Data excerpts =
(* Let $D$ be a normal binary delta-matroid whose intersection graph $G_D$ is the complete simple graph $K_v$ on $v\ge1$ vertices (no loops). Then ${}^{\partial}w_{D}(z)=2^{v}z^{v-1}$ if $v$ is odd, and ${}^{\partial}w_{D}(z)=2^{v-1}z^{v}+2^{v-1}z^{v-2}$ if $v$ is even.
   Context: A delta-matroid is a set system $(E,\mathcal{F})$, $\mathcal{F}\ne\emptyset$ a family of subsets of finite $E$, satisfying: for all $X,Y\in\mathcal{F}$ and $u\in X\Delta Y$ there is $v\in X\Delta Y$ with $X\Delta\{u,v\}\in\mathcal{F}$. Twist: $D*A=(E,\{A\Delta X:X\in\mathcal{F}\})$. Width $w(D)$ = maximum minus minimum cardinality of feasible sets; twist polynomial ${}^{\partial}w_{D}(z)=\sum_{A\subseteq E}z^{w(D*A)}$. $D$ is normal if $\emptyset\in\mathcal{F}$. For a symmetric matrix $C$ over $GF(2)$ indexed by $E$, $D(C)=(E,\{A\subseteq E: C[A]\text{ nonsingular}\})$ ($C[A]$ principal submatrix, $C[\emptyset]$ nonsingular by convention). $D$ is binary if some twist of it is isomorphic to some $D(C)$. A normal binary $D$ equals $D(C)$ for a unique symmetric $C$; its intersection graph $G_D$ has vertex set $E$, distinct $u,v$ adjacent iff $C_{u,v}=1$, and a loop at $v$ iff $C_{v,v}=1$. *)

theory Defs
  imports "HOL-Computational_Algebra.Polynomial"
begin

definition symdiff :: "'a set \<Rightarrow> 'a set \<Rightarrow> 'a set" (infixl "\<triangle>" 70) where
  "X \<triangle> Y = (X - Y) \<union> (Y - X)"

definition delta_matroid :: "'a set \<Rightarrow> 'a set set \<Rightarrow> bool" where
  "delta_matroid E F \<longleftrightarrow> finite E \<and> F \<subseteq> Pow E \<and> F \<noteq> {} \<and>
     (\<forall>X\<in>F. \<forall>Y\<in>F. \<forall>u\<in>X \<triangle> Y. \<exists>v\<in>X \<triangle> Y. X \<triangle> {u, v} \<in> F)"

definition twist :: "'a set set \<Rightarrow> 'a set \<Rightarrow> 'a set set" where
  "twist F A = (\<lambda>X. A \<triangle> X) ` F"

definition width :: "'a set set \<Rightarrow> nat" where
  "width F = Max (card ` F) - Min (card ` F)"

definition twist_poly :: "'a set \<Rightarrow> 'a set set \<Rightarrow> int poly" where
  "twist_poly E F = (\<Sum>A\<in>Pow E. monom 1 (width (twist F A)))"

definition normal :: "'a set set \<Rightarrow> bool" where
  "normal F \<longleftrightarrow> {} \<in> F"

text \<open>Symmetric matrices over GF(2) indexed by E, as boolean-valued functions
  (True = 1), zero outside E.\<close>

definition sym_matrix_on :: "'a set \<Rightarrow> ('a \<Rightarrow> 'a \<Rightarrow> bool) \<Rightarrow> bool" where
  "sym_matrix_on E C \<longleftrightarrow> (\<forall>u v. C u v = C v u) \<and>
     (\<forall>u v. \<not> (u \<in> E \<and> v \<in> E) \<longrightarrow> \<not> C u v)"

text \<open>The principal submatrix C[A] (A finite) is nonsingular over GF(2) iff its kernel is
  trivial: the only X \<subseteq> A (a 0/1 vector supported on A) with C[A] x = 0 is X = {}.
  For A = {} this holds, matching the convention that C[{}] is nonsingular.\<close>

definition nonsingular_principal :: "('a \<Rightarrow> 'a \<Rightarrow> bool) \<Rightarrow> 'a set \<Rightarrow> bool" where
  "nonsingular_principal C A \<longleftrightarrow>
     (\<forall>X\<subseteq>A. (\<forall>i\<in>A. even (card {j\<in>X. C i j})) \<longrightarrow> X = {})"

definition DC :: "'a set \<Rightarrow> ('a \<Rightarrow> 'a \<Rightarrow> bool) \<Rightarrow> 'a set set" where
  "DC E C = {A. A \<subseteq> E \<and> nonsingular_principal C A}"

definition binary_dm :: "'a set \<Rightarrow> 'a set set \<Rightarrow> bool" where
  "binary_dm E F \<longleftrightarrow> (\<exists>A\<subseteq>E. \<exists>E' C (f :: 'a \<Rightarrow> 'a). bij_betw f E E' \<and> sym_matrix_on E' C \<and>
      (\<lambda>X. f ` X) ` twist F A = DC E' C)"

text \<open>Intersection graph of a normal binary delta-matroid: adjacency given by the unique
  symmetric C with F = D(C). (u adjacent to v for u \<noteq> v, loop at v if C v v.)\<close>

definition intersection_matrix :: "'a set \<Rightarrow> 'a set set \<Rightarrow> 'a \<Rightarrow> 'a \<Rightarrow> bool" where
  "intersection_matrix E F = (THE C. sym_matrix_on E C \<and> F = DC E C)"

end

theory Submission
  imports Defs
begin

text \<open>Over GF(2), the graph \<open>{(x, C x)}\<close> of a symmetric matrix \<open>C\<close> is a Lagrangian
  subspace of \<open>GF(2)^E \<times> GF(2)^E\<close>, and \<open>C[B]\<close> is nonsingular exactly when this subspace is
  transversal to the coordinate subspace determined by \<open>B\<close>. Twisting by \<open>A\<close> exchanges the
  two summands on the coordinates in \<open>A\<close>, which preserves Lagrangians; if the twisted
  delta-matroid is normal, the new Lagrangian is transversal to \<open>0 \<times> GF(2)^E\<close>, hence again the
  graph of a symmetric matrix. So a normal binary delta-matroid is \<open>D(C)\<close>, and \<open>C\<close> is
  determined by the feasible sets of size one and two.

  For the complete graph, \<open>C[B] x = 0\<close> forces \<open>x = 0\<close> or \<open>x = 1\<close> with \<open>|B|\<close> odd, so the
  feasible sets are the subsets of even size. Their twists are the subsets of a fixed parity,
  of width \<open>v - 1\<close> when \<open>v\<close> is odd, and of width \<open>v\<close> or \<open>v - 2\<close>, each for half of the
  twists, when \<open>v\<close> is even.\<close>

section \<open>Symmetric matrices over GF(2)\<close>

lemma card_symdiff_add_card_Int:
  assumes "finite X" "finite Y"
  shows "card (X \<triangle> Y) + 2 * card (X \<inter> Y) = card X + card Y"
proof -
  have "X \<triangle> Y = (X \<union> Y) - (X \<inter> Y)" by (auto simp: symdiff_def)
  hence "card (X \<triangle> Y) = card (X \<union> Y) - card (X \<inter> Y)"
    using assms by (simp add: card_Diff_subset Int_lower1 le_supI1)
  moreover have "card (X \<inter> Y) \<le> card (X \<union> Y)" using assms by (intro card_mono) auto
  ultimately show ?thesis using card_Un_Int[OF assms] by simp
qed

lemma even_card_symdiff:
  assumes "finite X" "finite Y"
  shows "even (card (X \<triangle> Y)) \<longleftrightarrow> (even (card X) \<longleftrightarrow> even (card Y))"
  using card_symdiff_add_card_Int[OF assms] by (metis even_add even_mult_iff even_numeral)

lemma symdiff_symdiff_cancel_left [simp]: "A \<triangle> (A \<triangle> X) = X"
  by (auto simp: symdiff_def)

lemma twist_twist [simp]: "twist (twist F A) A = F"
  by (simp add: twist_def image_image)

text \<open>Vectors over GF(2) are represented by their supports, so that vector addition is
  \<open>\<triangle>\<close>; \<open>matvec C X\<close> is the support of the product of \<open>C\<close> with the vector supported on \<open>X\<close>.\<close>

definition matvec :: "('a \<Rightarrow> 'a \<Rightarrow> bool) \<Rightarrow> 'a set \<Rightarrow> 'a set" where
  "matvec C X = {i. odd (card {j\<in>X. C i j})}"

lemma matvec_empty [simp]: "matvec C {} = {}"
  by (simp add: matvec_def)
lemma loop_decomposition_Nil:
  assumes "is_walk G (s, es)" and "walk_tgt G (s, es) = s"
  shows "loop_decomposition G (s, es) [(s, es), (s, [])] [(s, [])]"
proof -
  have "s \<in> V G" using assms(1) by (simp add: is_walk_def)
  then show ?thesis using assms
    by (simp add: loop_decomposition_def concatenable_Cons concat_walks_def walk_src_def)
qed

lemma loop_decomposition_Cons:
  assumes dec: "loop_decomposition G (tgt G e, es') us vs"
    and loop: "is_walk G (s, es)" "walk_tgt G (s, es) = s"
    and edge: "is_walk G (s, [e])"
  shows "loop_decomposition G (s, es @ e # es') ((s, es) # us) ((s, [e]) # vs)"
proof -
  obtain u us' v vs' where uv: "us = u # us'" "vs = v # vs'"
    using dec by (cases us; cases vs) (auto simp: loop_decomposition_def)
  have "walk_src u = tgt G e"
    using dec uv by (simp add: loop_decomposition_def concat_walks_def)
  moreover have "walk_tgt G u = walk_src v" "walk_src u = walk_tgt G u"
    using dec uv by (simp_all add: loop_decomposition_def concatenable_Cons)
  ultimately show ?thesis
    using dec loop edge uv
    by (auto simp: loop_decomposition_def concatenable_Cons concat_walks_def walk_src_def)
qed
(* Let $\mathbb{F}$ be an algebraically closed field of characteristic zero. The following elements are indecomposable in $\mathcal{O}(\mathcal{N}_3^3)^{GL_3}$: (a) $\alpha_1\mathrm{tr}(Y_1^2Y_2^2Y_3)+\alpha_2\mathrm{tr}(Y_2^2Y_1^2Y_3)$ for any $\alpha_1,\alpha_2\in\mathbb{F}$ not both zero; (b) $\mathrm{tr}(Y_1^2Y_2^2Y_1Y_3)$; (c) $\mathrm{tr}(Y_1^2Y_2^2Y_3^2)$.
   Context: $\mathcal{N}_3^3$ is the set of triples $\underline{A}=(A_1,A_2,A_3)$ of nilpotent $3\times3$ matrices over $\mathbb{F}$, with $GL_3$ acting by simultaneous conjugation; $\mathcal{O}(\mathcal{N}_3^3)^{GL_3}$ is the algebra of $GL_3$-invariant polynomial functions on $\mathcal{N}_3^3$, graded by total degree in the matrix entries. $\mathrm{tr}(Y_{i_1}\cdots Y_{i_r})$ denotes the invariant $\underline{A}\mapsto\mathrm{tr}(A_{i_1}\cdots A_{i_r})$. A homogeneous invariant $f$ is decomposable if it is a polynomial in homogeneous invariants of strictly lower degree; otherwise it is indecomposable. *)

theory Defs
  imports "HOL-Analysis.Analysis" "HOL-Computational_Algebra.Polynomial" "HOL-Library.Numeral_Type"
begin

definition alg_closed :: "'a::field itself \<Rightarrow> bool" where
  "alg_closed _ \<longleftrightarrow> (\<forall>p::'a poly. 0 < degree p \<longrightarrow> (\<exists>x. poly p x = 0))"

type_synonym 'a mat3 = "'a ^ 3 ^ 3"
type_synonym 'a triple = "'a mat3 \<times> 'a mat3 \<times> 'a mat3"

definition mat_nilpotent :: "'a::field mat3 \<Rightarrow> bool" where
  "mat_nilpotent A \<longleftrightarrow> (\<exists>k::nat. ((\<lambda>B. A ** B) ^^ k) (mat 1) = 0)"

definition nil_triples :: "'a::field triple set" where
  "nil_triples = {(A1, A2, A3). mat_nilpotent A1 \<and> mat_nilpotent A2 \<and> mat_nilpotent A3}"

inductive_set gen_alg :: "('b \<Rightarrow> 'a::comm_ring_1) set \<Rightarrow> ('b \<Rightarrow> 'a) set"
  for G where
    const: "(\<lambda>_. c) \<in> gen_alg G"
  | gen: "g \<in> G \<Longrightarrow> g \<in> gen_alg G"
  | add: "f \<in> gen_alg G \<Longrightarrow> g \<in> gen_alg G \<Longrightarrow> (\<lambda>x. f x + g x) \<in> gen_alg G"
  | mult: "f \<in> gen_alg G \<Longrightarrow> g \<in> gen_alg G \<Longrightarrow> (\<lambda>x. f x * g x) \<in> gen_alg G"

definition coord_funs :: "('a::field triple \<Rightarrow> 'a) set" where
  "coord_funs = (\<Union>i j. {(\<lambda>T. fst T $ i $ j), (\<lambda>T. fst (snd T) $ i $ j), (\<lambda>T. snd (snd T) $ i $ j)})"

text \<open>Polynomial functions in the matrix entries (their restrictions to N_3^3 form O(N_3^3)).\<close>
definition poly_funs :: "('a::field triple \<Rightarrow> 'a) set" where
  "poly_funs = gen_alg coord_funs"

definition scale_triple :: "'a::field \<Rightarrow> 'a triple \<Rightarrow> 'a triple" where
  "scale_triple t T = (case T of (A1, A2, A3) \<Rightarrow>
     ((\<chi> i j. t * A1 $ i $ j), (\<chi> i j. t * A2 $ i $ j), (\<chi> i j. t * A3 $ i $ j)))"

definition conj_triple :: "'a::field mat3 \<Rightarrow> 'a triple \<Rightarrow> 'a triple" where
  "conj_triple P T = (case T of (A1, A2, A3) \<Rightarrow>
     (P ** A1 ** matrix_inv P, P ** A2 ** matrix_inv P, P ** A3 ** matrix_inv P))"

definition hom_invariant :: "nat \<Rightarrow> ('a::field triple \<Rightarrow> 'a) \<Rightarrow> bool" where
  "hom_invariant d f \<longleftrightarrow>
     f \<in> poly_funs \<and>
     (\<forall>P T. invertible P \<longrightarrow> T \<in> nil_triples \<longrightarrow> f (conj_triple P T) = f T) \<and>
     (\<forall>t T. T \<in> nil_triples \<longrightarrow> f (scale_triple t T) = t ^ d * f T)"

definition decomposable :: "nat \<Rightarrow> ('a::field triple \<Rightarrow> 'a) \<Rightarrow> bool" where
  "decomposable d f \<longleftrightarrow>
     (\<exists>h \<in> gen_alg {g. \<exists>e<d. hom_invariant e g}. \<forall>T \<in> nil_triples. f T = h T)"

definition indecomposable :: "('a::field triple \<Rightarrow> 'a) \<Rightarrow> bool" where
  "indecomposable f \<longleftrightarrow> (\<exists>d. hom_invariant d f \<and> \<not> decomposable d f)"

end

theory Submission
  imports Defs
begin

text \<open>
  Restrict to a linear family \<open>v \<mapsto> (v\<^sub>0 M\<^sub>0, v\<^sub>1 M\<^sub>1, v\<^sub>2 M\<^sub>2)\<close> of nilpotent triples on which
  the invariant \<open>f\<close> of degree \<open>d\<close> equals \<open>c v\<^sup>m\<close> with \<open>c \<noteq> 0\<close>. Every invariant of lower
  degree restricts to a polynomial in \<open>v\<close>, and homogeneity together with conjugations that
  rescale the \<open>M\<^sub>k\<close> force its coefficients to vanish on a set \<open>W \<ni> m\<close> of exponents with the
  property that whenever \<open>a \<in> W\<close> splits as \<open>b + c\<close> with \<open>b, c \<noteq> 0\<close>, one of \<open>b, c\<close> lies in \<open>W\<close>.
  Then no polynomial in lower-degree invariants contains \<open>v\<^sup>m\<close>, so \<open>f\<close> is indecomposable.
  Rescaling does not reach the monomials \<open>v\<^sub>i v\<^sub>j\<close> with an upper and a lower shift matrix in
  slots \<open>i\<close> and \<open>j\<close>; there each shift is split into its two elementary matrices, and a
  permutation matrix relates the resulting coefficients.
\<close>

section \<open>Polynomial functions in finitely many variables\<close>

text \<open>A polynomial in \<open>v\<^sub>0, v\<^sub>1, \<dots>\<close> is represented by a list of terms (coefficient, exponent
  vector); an exponent vector may occur repeatedly.\<close>
type_synonym 'a terms = "('a \<times> nat list) list"

definition eval_monom :: "(nat \<Rightarrow> 'a::comm_semiring_1) \<Rightarrow> nat list \<Rightarrow> 'a" where
  "eval_monom v m = (\<Prod>i<length m. v i ^ (m ! i))"

definition eval_terms :: "'a::comm_semiring_1 terms \<Rightarrow> (nat \<Rightarrow> 'a) \<Rightarrow> 'a" where
  "eval_terms L v = (\<Sum>(c, m)\<leftarrow>L. c * eval_monom v m)"

definition coeff_terms :: "'a::comm_monoid_add terms \<Rightarrow> nat list \<Rightarrow> 'a" where
  "coeff_terms L a = (\<Sum>(c, m)\<leftarrow>L. if m = a then c else 0)"

definition wf_terms :: "nat \<Rightarrow> 'a terms \<Rightarrow> bool" where
  "wf_terms n L \<longleftrightarrow> (\<forall>(c, m)\<in>set L. length m = n)"

definition mult_terms :: "'a::comm_semiring_1 terms \<Rightarrow> 'a terms \<Rightarrow> 'a terms" where
  "mult_terms L K = concat (map (\<lambda>(c, m). map (\<lambda>(d, k). (c * d, map2 (+) m k)) K) L)"

definition smult_terms :: "'a::comm_semiring_1 \<Rightarrow> 'a terms \<Rightarrow> 'a terms" where
  "smult_terms c L = map (\<lambda>(d, m). (c * d, m)) L"

text \<open>The exponents of \<open>v\<^sup>m\<close> after renaming \<open>v\<^sub>i\<close> to \<open>v\<^bsub>\<pi> i\<^esub>\<close>.\<close>
definition rename_exps :: "nat \<Rightarrow> (nat \<Rightarrow> nat) \<Rightarrow> nat list \<Rightarrow> nat list" where
  "rename_exps n' \<pi> m = map (\<lambda>j. \<Sum>i | i < length m \<and> \<pi> i = j. m ! i) [0..<n']"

Problem = Go through the entries and filter for lines holding the word "transversal"; copy each match.

Your response =
  transversal to the coordinate subspace determined by \<open>B\<close>. Twisting by \<open>A\<close> exchanges the
  delta-matroid is normal, the new Lagrangian is transversal to \<open>0 \<times> GF(2)^E\<close>, hence again the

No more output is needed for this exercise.